Alles ging mit großem Einsatz ans Löschen, in erster Linie die, die nicht im Stollen waren. Das Wasser aus der Leitung war bald verspritzt, und bis die Feuerwehr Wasser aus dem Kocher bis an den Markt brachte, breitete sich das Feuer immer weiter aus. Es war ein schauriges Schauspiel, Drama seltenster Größe, wie es das Städtchen wohl seit seinem Bestehen nicht erlebt hatte. Überall Bombentrichter, Granatlöcher, zerschlagene Dächer, wirr durcheinanderliegende elektrische Drähte, wassertragende Kinder und Frauen, weinende alte Leute, kommandierende Feuerwehrleute, jammernd vor ihren brennenden Häusern stehende Bewohner, andere todesmutige Draufgänger und Draufgängerinnen, die todesmutig aus den Flammen raubten, was zu retten war.

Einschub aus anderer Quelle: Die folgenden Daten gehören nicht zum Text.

(* Let $\mathcal C$ be a pointed category with finite coproducts and $E\in\mathcal C$ such that every object of $\mathcal C$ is isomorphic to a finite coproduct $E^{\vee k}$ of copies of $E$. Let $F,G\colon\mathcal C\to Ab$ be reduced functors which are polynomial of degree $\le n$, and let $\phi\colon F\to G$ be a natural transformation. Then the following are equivalent: (1) $\phi$ is a natural isomorphism; (2) $\phi_{E^{\vee k}}$ is an isomorphism for all $k\le n$; (3) $\phi_{E^{\vee n}}$ is an isomorphism; (4) $cr_k(\phi)_{E,\dots,E}$ is an isomorphism for all $1\le k\le n$.
   Context: - For a functor $F\colon\mathcal C\to Ab$: $cr_1F(X)=\ker(F(X)\to F(0))$ and $cr_2F(X,Y)=\ker\big((F(r_1),F(r_2))\colon F(X\vee Y)\to F(X)\oplus F(Y)\big)$, where $r_k$ are the coproduct retractions. - For $n\ge3$, $cr_nF(X_1,\dots,X_n)=cr_2\big(cr_{n-1}F(-,X_3,\dots,X_n)\big)(X_1,X_2)$. - $F$ is polynomial of degree $\le n$ if $cr_{n+1}F=0$. - $F$ is reduced if $F(0)=0$. - $cr_k(\phi)$ denotes the induced natural transformation $cr_kF\to cr_kG$. *)

theory Defs
  imports "HOL-Algebra.Algebra"
begin

record ('o, 'm) pcat =
  cOb  :: "'o set"
  cAr  :: "'m set"
  cDom :: "'m \<Rightarrow> 'o"
  cCod :: "'m \<Rightarrow> 'o"
  cCmp :: "'m \<Rightarrow> 'm \<Rightarrow> 'm"   (* cCmp g f = g \<circ> f *)
  cId :: "'o \<Rightarrow> 'm"
  cZero :: "'o"
  cCop :: "'o \<Rightarrow> 'o \<Rightarrow> 'o"
  cIn1 :: "'o \<Rightarrow> 'o \<Rightarrow> 'm"
  cIn2 :: "'o \<Rightarrow> 'o \<Rightarrow> 'm"

definition HomC :: "('o,'m) pcat \<Rightarrow> 'o \<Rightarrow> 'o \<Rightarrow> 'm set" where
  "HomC C P Y = {f \<in> cAr C. cDom C f = P \<and> cCod C f = Y}"

definition category :: "('o,'m) pcat \<Rightarrow> bool" where
  "category C \<longleftrightarrow>
     (\<forall>f\<in>cAr C. cDom C f \<in> cOb C \<and> cCod C f \<in> cOb C) \<and>
     (\<forall>P\<in>cOb C. cId C P \<in> HomC C P P) \<and>
     (\<forall>f\<in>cAr C. \<forall>g\<in>cAr C. cCod C f = cDom C g \<longrightarrow> cCmp C g f \<in> HomC C (cDom C f) (cCod C g)) \<and>
     (\<forall>f\<in>cAr C. cCmp C f (cId C (cDom C f)) = f \<and> cCmp C (cId C (cCod C f)) f = f) \<and>
     (\<forall>f\<in>cAr C. \<forall>g\<in>cAr C. \<forall>h\<in>cAr C. cCod C f = cDom C g \<longrightarrow> cCod C g = cDom C h \<longrightarrow>
         cCmp C h (cCmp C g f) = cCmp C (cCmp C h g) f)"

Die einen warfen Bettstücke, Möbel, Geräte, Kleider etc. auf einen Haufen und kreischende Frauen trugen alles noch an sichere Plätze.

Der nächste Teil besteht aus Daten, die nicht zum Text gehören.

(* Let $m$ be a positive integer and $p$ a prime, and let $\mathcal B\subset\mathbb F_p$ be as defined below. Then for any subset $B\subset\mathcal B$ with $|B|>p^{1/4}$ we have $|B-B|\ge p^{\beta/5}|B|$.
   Context: Set $\beta=1/(16m^2)$, $r=\lfloor\beta\log p/\log2\rfloor$, $M=2^{16m^2-1}$, and $\mathcal B=\left\{\sum_{j=1}^r x_j(2M)^{j-1}:\ x_1,\dots,x_r\in\{0,\dots,M-1\}\right\}$, viewed as a subset of $\mathbb F_p$ (all these integers are at most $p/2$). $B-B=\{b-b':b,b'\in B\}$ in $\mathbb F_p$. *)

theory Defs
  imports "HOL-Computational_Algebra.Primes" Complex_Main
begin

definition beta :: "nat \<Rightarrow> real" where
  "beta m = 1 / (16 * real m ^ 2)"

definition rpar :: "nat \<Rightarrow> nat \<Rightarrow> nat" where
  "rpar m p = nat \<lfloor>beta m * ln (real p) / ln 2\<rfloor>"

definition Mpar :: "nat \<Rightarrow> nat" where
  "Mpar m = 2 ^ (16 * m ^ 2 - 1)"

text \<open>The set calB, as integers (all lie in [0, p/2], so they represent distinct
  residues mod p). Index j ranges over 0..r-1, corresponding to (2M)^(j-1) for j = 1..r.\<close>
definition calB :: "nat \<Rightarrow> nat \<Rightarrow> int set" where
  "calB m p = {(\<Sum>j<rpar m p. int (x j) * (2 * int (Mpar m)) ^ j) | x.
                 \<forall>j<rpar m p. x j < Mpar m}"

definition diffset_mod :: "nat \<Rightarrow> int set \<Rightarrow> int set" where
  "diffset_mod p B = {(b - b') mod int p | b b'. b \<in> B \<and> b' \<in> B}"

end

theory Submission
  imports Defs "HOL-Analysis.Convex"
begin

text \<open>
  The elements of \<open>calB m p\<close> are the integers with \<open>r\<close> digits in base \<open>2M\<close>, every digit lying in
  \<open>[0, M)\<close>. They lie in \<open>[0, p/2)\<close>, so reduction modulo \<open>p\<close> is injective on \<open>B - B\<close> and the
  difference set may be computed in \<open>\<int>\<close>. There we show, by induction on the number of digits, that
  \<open>|A - B| \<ge> (|A| |B|)^((1+d)/2)\<close> with \<open>d = 1/(20 m\<^sup>2)\<close>. Split \<open>A\<close> and \<open>B\<close> by their lowest digit
  into fibres of sizes \<open>a s\<close> and \<open>b t\<close>: the difference sets of fibre pairs belonging to distinct
  differences \<open>D = s - t\<close> of lowest digits lie in distinct residue classes modulo \<open>2M\<close>, so by
  induction \<open>|A - B| \<ge> \<Sum>\<^sub>D max {(a s b t)^((1+d)/2) | s - t = D}\<close>. This sum dominates
  \<open>(\<Sum> a s \<Sum> b t)^((1+d)/2)\<close> by a weighted Cauchy-Davenport inequality for the digit sets combined
  with Hoelder's inequality; the latter costs a factor \<open>|S|^d \<le> M^d \<le> 7/4\<close>, which is absorbed
  because \<open>w^8 (2 - w) \<ge> 1\<close> on \<open>[1, 7/4]\<close>.
  Finally \<open>|B|^d \<ge> p^(d/4) = p^(\<beta>/5)\<close>.
\<close>

section \<open>Inequalities for real sums\<close>

lemma Holder_sum_powr:
  fixes f g :: "'a \<Rightarrow> real"
  assumes fin: "finite I" and ne: "I \<noteq> {}" and pos: "\<And>i. i \<in> I \<Longrightarrow> f i > 0 \<and> g i > 0"
    and l: "0 \<le> l" "l \<le> 1"
  shows "(\<Sum>i\<in>I. f i powr l * g i powr (1 - l)) \<le> (\<Sum>i\<in>I. f i) powr l * (\<Sum>i\<in>I. g i) powr (1 - l)"
proof -
  define F where "F = (\<Sum>i\<in>I. f i)"
  define G where "G = (\<Sum>i\<in>I. g i)"
  have F: "F > 0" unfolding F_def using fin ne pos by (intro sum_pos) auto
  have G: "G > 0" unfolding G_def using fin ne pos by (intro sum_pos) auto
  have "f i powr l * g i powr (1 - l) \<le> F powr l * G powr (1 - l) * (l * (f i / F) + (1 - l) * (g i / G))"
    if i: "i \<in> I" for i
  proof -
    have "(f i / F) powr l * (g i / G) powr (1 - l) \<le> l * (f i / F) + (1 - l) * (g i / G)"
      using Youngs_inequality_0[of l "1 - l" "f i / F" "g i / G"] l pos[OF i] F G by auto
    moreover have "f i powr l * g i powr (1 - l) = F powr l * G powr (1 - l) * ((f i / F) powr l * (g i / G) powr (1 - l))"
      using pos[OF i] F G by (simp add: powr_divide)
    ultimately show ?thesis using F G by (simp add: mult_left_mono)
  qed
  hence "(\<Sum>i\<in>I. f i powr l * g i powr (1 - l)) \<le> (\<Sum>i\<in>I. F powr l * G powr (1 - l) * (l * (f i / F) + (1 - l) * (g i / G)))"
    by (intro sum_mono) auto
  also have "\<dots> = F powr l * G powr (1 - l) * (l * (\<Sum>i\<in>I. f i) / F + (1 - l) * (\<Sum>i\<in>I. g i) / G)"
    by (simp add: sum_distrib_left sum.distrib sum_divide_distrib[symmetric] algebra_simps)
  also have "\<dots> = F powr l * G powr (1 - l)"
    using F G by (simp add: F_def[symmetric] G_def[symmetric])
  finally show ?thesis by (simp add: F_def G_def)
qed

lemma power_mean_sum_powr:
  fixes a :: "'a \<Rightarrow> real"
  assumes fin: "finite S" and ne: "S \<noteq> {}" and pos: "\<And>s. s \<in> S \<Longrightarrow> a s > 0" and d: "0 < d"
  shows "(\<Sum>s\<in>S. a s) powr (1 + d) \<le> real (card S) powr d * (\<Sum>s\<in>S. a s powr (1 + d))"
proof -
  define l where "l = 1 / (1 + d)"
  have l: "0 \<le> l" "l \<le> 1" using d by (auto simp: l_def)
  have "(\<Sum>s\<in>S. (a s powr (1 + d)) powr l * 1 powr (1 - l))
      \<le> (\<Sum>s\<in>S. a s powr (1 + d)) powr l * (\<Sum>s\<in>S. (1::real)) powr (1 - l)"
    by (rule Holder_sum_powr[OF fin ne _ l]) (use pos in fastforce)
  moreover have "(a s powr (1 + d)) powr l * 1 powr (1 - l) = a s" if "s \<in> S" for s
    using pos[OF that] d by (simp add: powr_powr l_def)
  ultimately have h: "(\<Sum>s\<in>S. a s) \<le> (\<Sum>s\<in>S. a s powr (1 + d)) powr l * real (card S) powr (1 - l)"
    by simp
  have "(\<Sum>s\<in>S. a s) powr (1 + d) \<le> ((\<Sum>s\<in>S. a s powr (1 + d)) powr l * real (card S) powr (1 - l)) powr (1 + d)"
    using h d pos by (intro powr_mono2) (auto intro: sum_nonneg less_imp_le)
  also have "\<dots> = (\<Sum>s\<in>S. a s powr (1 + d)) * real (card S) powr d"
  proof -
    have "(1 - l) * (1 + d) = d" "l * (1 + d) = 1" using d by (auto simp: l_def field_simps)
    moreover have "0 \<le> (\<Sum>s\<in>S. a s powr (1 + d))" by (intro sum_nonneg) auto
    ultimately show ?thesis by (simp add: powr_mult powr_powr)
  qed
  finally show ?thesis by (simp add: mult.commute)
qed

lemma Lyapunov_sum_powr:
  fixes a :: "'a \<Rightarrow> real"
  assumes fin: "finite S" and ne: "S \<noteq> {}" and pos: "\<And>s. s \<in> S \<Longrightarrow> a s > 0" and d: "0 < d" "d < 1"
  shows "(\<Sum>s\<in>S. a s) \<le> (\<Sum>s\<in>S. a s powr ((1 + d) / 2)) powr (2 * d / (1 + d))
                            * (\<Sum>s\<in>S. a s powr (1 + d)) powr (1 - 2 * d / (1 + d))"
proof -
  define l where "l = 2 * d / (1 + d)"
  have l: "0 \<le> l" "l \<le> 1" using d by (auto simp: l_def)
  have "(\<Sum>s\<in>S. (a s powr ((1 + d) / 2)) powr l * (a s powr (1 + d)) powr (1 - l))
      \<le> (\<Sum>s\<in>S. a s powr ((1 + d) / 2)) powr l * (\<Sum>s\<in>S. a s powr (1 + d)) powr (1 - l)"
    by (rule Holder_sum_powr[OF fin ne _ l]) (use pos in fastforce)
  moreover have "(a s powr ((1 + d) / 2)) powr l * (a s powr (1 + d)) powr (1 - l) = a s" if "s \<in> S" for s
  proof -
    have "(1 + d) / 2 * l + (1 + d) * (1 - l) = 1"
      using d by (simp add: l_def field_simps) (smt (verit) mult_pos_pos)
    thus ?thesis using pos[OF that] by (simp add: powr_powr flip: powr_add)
  qed
  ultimately show ?thesis by (simp add: l_def)
qed

lemma Lyapunov_small_moment_bound:
  fixes A B F P d :: real
  assumes A: "1 \<le> A" and B: "1 \<le> B" and F: "0 \<le> F" and P: "0 \<le> P" and d: "0 < d" "d < 1"
    and interpolation: "A \<le> P powr (2 * d / (1 + d)) * F powr (1 - 2 * d / (1 + d))"
    and small: "P < (A * B) powr ((1 + d) / 2)"
  shows "A powr (1 + d) \<le> (B powr (1 + d)) powr (d / (1 - d)) * F"
proof -
  define l where "l = 2 * d / (1 + d)"
  define e where "e = (1 + d) / (1 - d)"
  have l: "0 < l" "(1 + d) * l / 2 = d" "1 - l = (1 - d) / (1 + d)"
    using d by (auto simp: l_def field_simps)
  have e: "0 < e" "(1 - l) * e = 1" using d by (auto simp: e_def l(3))
  have "P powr l \<le> ((A * B) powr ((1 + d) / 2)) powr l"
    using small P l by (intro powr_mono2) auto
  also have "\<dots> = A powr d * B powr d"
    using A B by (simp add: powr_powr powr_mult l(2))
  finally have "P powr l * F powr (1 - l) \<le> A powr d * B powr d * F powr (1 - l)"
    by (rule mult_right_mono) simp
  with interpolation have "A powr d * A powr (1 - d) \<le> A powr d * (B powr d * F powr (1 - l))"
    using A by (simp add: l_def mult.assoc flip: powr_add)
  hence "A powr (1 - d) \<le> B powr d * F powr (1 - l)"
    using A by (simp add: mult_le_cancel_left_pos)
  hence "(A powr (1 - d)) powr e \<le> (B powr d * F powr (1 - l)) powr e"
    using A e by (intro powr_mono2) auto
  also have "\<dots> = B powr (d * e) * F"
    using F e by (simp add: powr_mult powr_powr)
  finally show ?thesis
    using A B d by (simp add: powr_powr e_def mult.commute)
qed

lemma min_powr_le_powr_mult:
  fixes x y p :: real
  assumes "0 < x" "0 < y"
  shows "min (x powr p) (y powr p) \<le> (x * y) powr (p / 2)"
proof -
  have sq: "z powr p = (z powr (p / 2))\<^sup>2" if "0 < z" for z :: real
    using that by (simp add: power2_eq_square flip: powr_add)
  have "(min (x powr p) (y powr p))\<^sup>2 \<le> x powr p * y powr p"
    unfolding power2_eq_square by (intro mult_mono) auto
  also have "\<dots> = ((x * y) powr (p / 2))\<^sup>2"
    using assms by (simp add: sq powr_mult power_mult_distrib)
  finally show ?thesis by (rule power2_le_imp_le) simp
qed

Viel ging dabei verloren, manches Stück tauchte nicht mehr auf. Eine ungeheure Hitze raubte einem fast den Atem. Das Café und Rathaus waren stark beschädigt. Die Apotheke konnte gerettet werden.
Mit viel Mühe gelang es besonders durch Anwendung der Luftschutzspritzen, Michel Häußers Haus und Häfeles Haus, sowie Post und Bäcker Ehrmanns Gebäude zu retten.
Das Wasser wurde von der Feuerwehr in die Nähe der Kirche gepumpt und dann verteilt. Aber alles kam zu spät, denn währenddessen brannte auch Schads Haus nieder, neben der Kirche.
Als dann der Ochsen in Gefahr kam, musste das Wasser vom Kocher aus gepumpt werden. Das Pumpen bereitete große Mühe. Aus dem Stollen musste man fast mit Gewalt Leute zum Pumpen holen. Die Pumpe oben am Krankenhaus musste durch Wassertragen gespeist werden.
So brach die Nacht herein über das schaurige Bild der Kriegs- und Feuersnot, mit den durstenden, ruß- und rauchgeschwärzten Menschen, von denen der Schweiß und das Wasser tropfte.
Über den feurig geröteten Nachthimmel zogen wie zum Hohn 3 amerikanische Scheinwerfer ihre Strahlenbündel gegen die Waldenburger Berge. Deutsche Soldaten waren an den Ortsausgängen zu sehen. Kamen sie von den umliegenden Stellungen? Waren es Flüchtende?
Welch ungeheuren Werte an Vieh, Schweinen, Holz u. Möbeln gingen zugrunde, welche unersetzbaren Familienstücke, Bilder u. Urkunden gingen in den Flammen auf!
Welches Bild bot dieser ungeheure Schutthaufen, immer noch von Rauch und züngelnden Funken belebt, wenn man von der Kirche bis an die Kocherbrücke schaute! Bei diesem Anblick möchte einem das Herz stillstehen und im Weh könnte man vergehen beim Gedanken an das Kriegselend, das durch Europa gezogen ist und noch zieht, die Jugend mit verschlingend. Das sind schlechte Vorboten einer versprochenen, glücklichen, neuen Welt!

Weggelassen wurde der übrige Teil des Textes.